留下此信,想必便是选择与灾凤回去了罢……
她将信轻轻合上,放回原处。
一时间,却不知道还能说些什么。
这时,厅中忽有人哽咽开口:
“……狐仙姐姐他,分明是个男子。他本不喜欢这副女人打扮的……”
“只是楼中有几位姐妹,接完了事常怕见男人模样,最开始见着他也躲。他便自己穿了女衣,描眉束发,让我们叫他‘姐姐’。”
说这话的是芸茴,从低声到越说越清晰,
“有客人骂他是疯子,说他恶心……他都没反驳。”
“他说,‘我看起来怪一点没关系,只要你们觉着安心就好。’”
说到这里,她再也忍不住,眼泪滚落下来,
“他什么都为我们想,自己的难处却从来不说……”
姜小满默默听着。
她知道,这么多年,赤狐的心血都留在了千香楼。
不论是替姑娘们做药、周旋人情,还是顶着流言蜚语,只要能让她们好过一些,他都去做了。
又想起他早前说的——
【“我相信,只要岁月够久,一切不公终将被风沙掩埋。”】
一个在污泥中行走的人,却比任何人都相信光明。
……
而如今,灾凤威胁至此。
赤狐若不回去,真正危险的,恐怕便是这千香楼了。
既如此,她唯有尊重他的选择。
红衣少女叹了口气,轻轻拍了拍芸茴的肩,帮她振作起来,
“他不回来了,但你们更要好好活着。”
她目光一转,望向厅中泪眼婆娑的女子,轻轻一笑:
“放心,你们的‘狐仙姐姐’曾是个优秀又坚韧的战士。此去虽远,他自会无恙,你们也不用担心他。”
“终有一日,你们一定会再见到他的。”
没错,就是这般真实又厚重的关切与牵挂,便是人和人之间缔结的羁绊、无价的羁绊。
哪怕就是为了这样的世间,这样的羁绊,她也一定要阻止血月计划。
此时天光初升,千香楼的豁口洒下一片晨曦。
光穿过门窗,静静映落在案上的书信、与一张张泣颜未干的面庞上,
温暖却不耀眼。
东方露出鱼肚白。
清晨薄光照出的,却是一个男子跪着的身影。
双膝着地,额前的碎发微垂,遮了半边眉眼。昔日脂粉皆去,神色干净清朗。
他身上的衣裳也换成交领宽袖的男装,将肩背线条勾勒得挺拔有力,尽是他许久未曾穿过的打扮。

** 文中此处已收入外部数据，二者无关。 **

(* Let $N_{v_1},\dots,N_{v_k}$ be positive integers and $N_u$ a nonnegative integer, and let $N_u^1,\dots,N_u^k$ be computed by the following procedure: set $\Delta\gets0$; for $i=1,\dots,k$, let $x=\frac{N_{v_i}}{\sum_{j=1}^kN_{v_j}}\cdot N_u$; if $\Delta\ge x-\lfloor x\rfloor$, set $N_u^i\gets\lfloor x\rfloor$ and $\Delta\gets\Delta-(x-\lfloor x\rfloor)$; otherwise set $N_u^i\gets\lfloor x\rfloor+1$ and $\Delta\gets\Delta+1-(x-\lfloor x\rfloor)$. Then: (1) for every $i\in\{1,\dots,k\}$, $\sum_{j=1}^iN_u^j-1\le\frac{\sum_{j=1}^iN_{v_j}}{\sum_{j=1}^kN_{v_j}}\cdot N_u\le\sum_{j=1}^iN_u^j$; (2) for all $i_1,i_2\in\{1,\dots,k\}$ with $i_1<i_2$, $\sum_{j=i_1}^{i_2}N_u^j\le\frac{\sum_{j=i_1}^{i_2}N_{v_j}}{\sum_{j=1}^kN_{v_j}}\cdot N_u+1$; (3) $\sum_{j=1}^kN_u^j\ge N_u$. *)

theory Defs
  imports Complex_Main
begin

definition alloc_x :: "(nat \<Rightarrow> nat) \<Rightarrow> nat \<Rightarrow> nat \<Rightarrow> nat \<Rightarrow> real" where
  "alloc_x Nv k Nu i = real (Nv i) / real (\<Sum>j=1..k. Nv j) * real Nu"

text \<open>Value of Delta after processing items 1..i (Delta = 0 initially).\<close>
fun alloc_delta :: "(nat \<Rightarrow> nat) \<Rightarrow> nat \<Rightarrow> nat \<Rightarrow> nat \<Rightarrow> real" where
  "alloc_delta Nv k Nu 0 = 0"
| "alloc_delta Nv k Nu (Suc i) =
     (let x = alloc_x Nv k Nu (Suc i); d = alloc_delta Nv k Nu i in
      if d \<ge> x - of_int \<lfloor>x\<rfloor> then d - (x - of_int \<lfloor>x\<rfloor>)
      else d + 1 - (x - of_int \<lfloor>x\<rfloor>))"

definition alloc_N :: "(nat \<Rightarrow> nat) \<Rightarrow> nat \<Rightarrow> nat \<Rightarrow> nat \<Rightarrow> int" where
  "alloc_N Nv k Nu i =
     (let x = alloc_x Nv k Nu i; d = alloc_delta Nv k Nu (i - 1) in
      if d \<ge> x - of_int \<lfloor>x\<rfloor> then \<lfloor>x\<rfloor> else \<lfloor>x\<rfloor> + 1)"

end

theory Submission
  imports Defs
begin

text \<open>Delta is the accumulated rounding surplus: after step i it equals the sum of the allocated
  N_u^j minus the sum of the exact shares x_j. Rounding x_i down when the surplus covers its
  fractional part, and up otherwise, keeps this surplus in [0, 1). Hence every prefix sum of the
  N_u^j exceeds the exact prefix share by less than 1, which gives (1); (2) is the difference of two
  prefix bounds, and (3) is the bound for the full prefix, whose exact share is N_u.\<close>

lemma alloc_delta_Suc:
  "alloc_delta Nv k Nu (Suc i)
     = alloc_delta Nv k Nu i + real_of_int (alloc_N Nv k Nu (Suc i)) - alloc_x Nv k Nu (Suc i)"
  by (simp add: alloc_N_def Let_def)

lemma alloc_delta_bounds: "0 \<le> alloc_delta Nv k Nu i \<and> alloc_delta Nv k Nu i < 1"
proof (induction i)
  case 0
  then show ?case by simp
next
  case (Suc i)
  define x where "x = alloc_x Nv k Nu (Suc i)"
  have "0 \<le> x - of_int \<lfloor>x\<rfloor>" "x - of_int \<lfloor>x\<rfloor> < 1"
    by linarith+
  with Suc.IH show ?case
    unfolding alloc_delta.simps(2) Let_def x_def[symmetric]
    by (split if_split) (intro conjI impI; linarith)
qed

lemma alloc_delta_eq_sum:
  "alloc_delta Nv k Nu i
     = real_of_int (\<Sum>j=1..i. alloc_N Nv k Nu j) - (\<Sum>j=1..i. alloc_x Nv k Nu j)"
  by (induction i) (simp_all add: alloc_delta_Suc del: alloc_delta.simps(2))

lemma sum_alloc_x:
  "(\<Sum>j=1..i. alloc_x Nv k Nu j) = real (\<Sum>j=1..i. Nv j) / real (\<Sum>j=1..k. Nv j) * real Nu"
  by (simp add: alloc_x_def sum_distrib_right sum_divide_distrib)

lemma alloc_prefix_share_le:
  "real (\<Sum>j=1..i. Nv j) / real (\<Sum>j=1..k. Nv j) * real Nu
     \<le> real_of_int (\<Sum>j=1..i. alloc_N Nv k Nu j)"
  using alloc_delta_bounds[of Nv k Nu i] unfolding alloc_delta_eq_sum sum_alloc_x by linarith

lemma alloc_prefix_less_share_plus_one:
  "real_of_int (\<Sum>j=1..i. alloc_N Nv k Nu j)
     < real (\<Sum>j=1..i. Nv j) / real (\<Sum>j=1..k. Nv j) * real Nu + 1"
  using alloc_delta_bounds[of Nv k Nu i] unfolding alloc_delta_eq_sum sum_alloc_x by linarith

lemma sum_prefix_split:
  fixes f :: "nat \<Rightarrow> 'a::comm_monoid_add"
  assumes "1 \<le> m" "m \<le> n"
  shows "sum f {1..n} = sum f {1..m - 1} + sum f {m..n}"
proof -
  have "{1..n} = {1..m - 1} \<union> {m..n}" "{1..m - 1} \<inter> {m..n} = {}"
    using assms by auto
  then show ?thesis
    by (simp add: sum.union_disjoint)
qed

lemma alloc_block_le_share_plus_one:
  assumes "1 \<le> i1" "i1 \<le> i2"
  shows "real_of_int (\<Sum>j=i1..i2. alloc_N Nv k Nu j)
           \<le> real (\<Sum>j=i1..i2. Nv j) / real (\<Sum>j=1..k. Nv j) * real Nu + 1"
proof -
  note split = sum_prefix_split[OF assms]
  have "real_of_int (\<Sum>j=i1..i2. alloc_N Nv k Nu j)
      = real_of_int (\<Sum>j=1..i2. alloc_N Nv k Nu j) - real_of_int (\<Sum>j=1..i1 - 1. alloc_N Nv k Nu j)"
    by (simp only: split[of "alloc_N Nv k Nu"])
  moreover have "real (\<Sum>j=i1..i2. Nv j) / real (\<Sum>j=1..k. Nv j) * real Nu
      = real (\<Sum>j=1..i2. Nv j) / real (\<Sum>j=1..k. Nv j) * real Nu
        - real (\<Sum>j=1..i1 - 1. Nv j) / real (\<Sum>j=1..k. Nv j) * real Nu"
    by (simp only: split[of Nv] of_nat_add add_divide_distrib distrib_right)
  ultimately show ?thesis
    using alloc_prefix_less_share_plus_one[of Nv k Nu i2] alloc_prefix_share_le[of Nv "i1 - 1" k Nu]
    by linarith
qed

lemma alloc_total_ge:
  assumes "0 < (\<Sum>j=1..k. Nv j)"
  shows "int Nu \<le> (\<Sum>j=1..k. alloc_N Nv k Nu j)"
proof -
  from assms have "real (\<Sum>j=1..k. Nv j) \<noteq> 0"
    by (metis of_nat_0_less_iff less_irrefl)
  then have "real Nu \<le> real_of_int (\<Sum>j=1..k. alloc_N Nv k Nu j)"
    using alloc_prefix_share_le[of Nv k k Nu] by simp
  then show ?thesis
    by linarith
qed

theorem lemma9:
  fixes Nv :: "nat \<Rightarrow> nat" and k Nu :: nat
  assumes "k \<ge> 1"
    and "\<And>i. i \<in> {1..k} \<Longrightarrow> Nv i > 0"
  shows "(\<forall>i\<in>{1..k}.
            real_of_int (\<Sum>j=1..i. alloc_N Nv k Nu j) - 1
              \<le> real (\<Sum>j=1..i. Nv j) / real (\<Sum>j=1..k. Nv j) * real Nu
          \<and> real (\<Sum>j=1..i. Nv j) / real (\<Sum>j=1..k. Nv j) * real Nu
              \<le> real_of_int (\<Sum>j=1..i. alloc_N Nv k Nu j))
       \<and> (\<forall>i1\<in>{1..k}. \<forall>i2\<in>{1..k}. i1 < i2 \<longrightarrow>
            real_of_int (\<Sum>j=i1..i2. alloc_N Nv k Nu j)
              \<le> real (\<Sum>j=i1..i2. Nv j) / real (\<Sum>j=1..k. Nv j) * real Nu + 1)
       \<and> (\<Sum>j=1..k. alloc_N Nv k Nu j) \<ge> int Nu"
proof (intro conjI ballI impI)
  fix i
  show "real_of_int (\<Sum>j=1..i. alloc_N Nv k Nu j) - 1
          \<le> real (\<Sum>j=1..i. Nv j) / real (\<Sum>j=1..k. Nv j) * real Nu"
    using alloc_prefix_less_share_plus_one[of Nv k Nu i] by linarith
  show "real (\<Sum>j=1..i. Nv j) / real (\<Sum>j=1..k. Nv j) * real Nu
          \<le> real_of_int (\<Sum>j=1..i. alloc_N Nv k Nu j)"
    by (rule alloc_prefix_share_le)
next
  fix i1 i2
  assume "i1 \<in> {1..k}" "i1 < i2"
  then show "real_of_int (\<Sum>j=i1..i2. alloc_N Nv k Nu j)
          \<le> real (\<Sum>j=i1..i2. Nv j) / real (\<Sum>j=1..k. Nv j) * real Nu + 1"
    by (intro alloc_block_le_share_plus_one) auto
next
  show "(\<Sum>j=1..k. alloc_N Nv k Nu j) \<ge> int Nu"
    using assms by (intro alloc_total_ge sum_pos) auto
qed

end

在他面前,红发女人悠悠倚在长凳上,拎着一串荔枝慢条斯理地吃着。
吃完最后一颗,她将指尖的汁液吮尽。
“所以呢?”她淡淡开口,“没有别的要说的了?”
“……没有。”
男人垂着头,声音很低。
女人盯着他良久,忽而眼珠一转,身子微倾,往前探去。
纤指一勾,挑起他下颌,
“赤狐,用你那点假火包着心魄,便以为本宫读不出你心里那点鬼主意了?”
“你在想——‘我就算回去,也不会再帮你们做战争的活计’……是这样吗?”
赤狐浑身一震。
“我……我没有……”
灾凤盯着他,手指摩挲着他的脸颊,慢慢从颧骨扫到耳后,再到他鬓角垂下的一缕头发,
“本宫,最讨厌说谎的人。”
她说着便捻起那缕头发,拂一下,赤狐颤一下。
忽而,灾凤手势一顿,眼睛一斜,似是察觉到了什么。
她抽回了手,笑:“终于来了。”
破晓(2)
清晨的光透过云隙斜洒下来, 把青衣女子的身影拖得细长又模糊。
羽霜默默地走着,疲惫又茫然。
那股疲惫不只是肉身上的,更像是被什么拉扯着……不安、不宁。
就在不久前, 她接到一道久违的传音。
不是来自于君上。
而是火鸾的讯息。
雏鸟时的四鸾常常彼此振羽传音,传的不过是些朴素的念头,诸如“饿了”、“冷了”、“你飞快些”……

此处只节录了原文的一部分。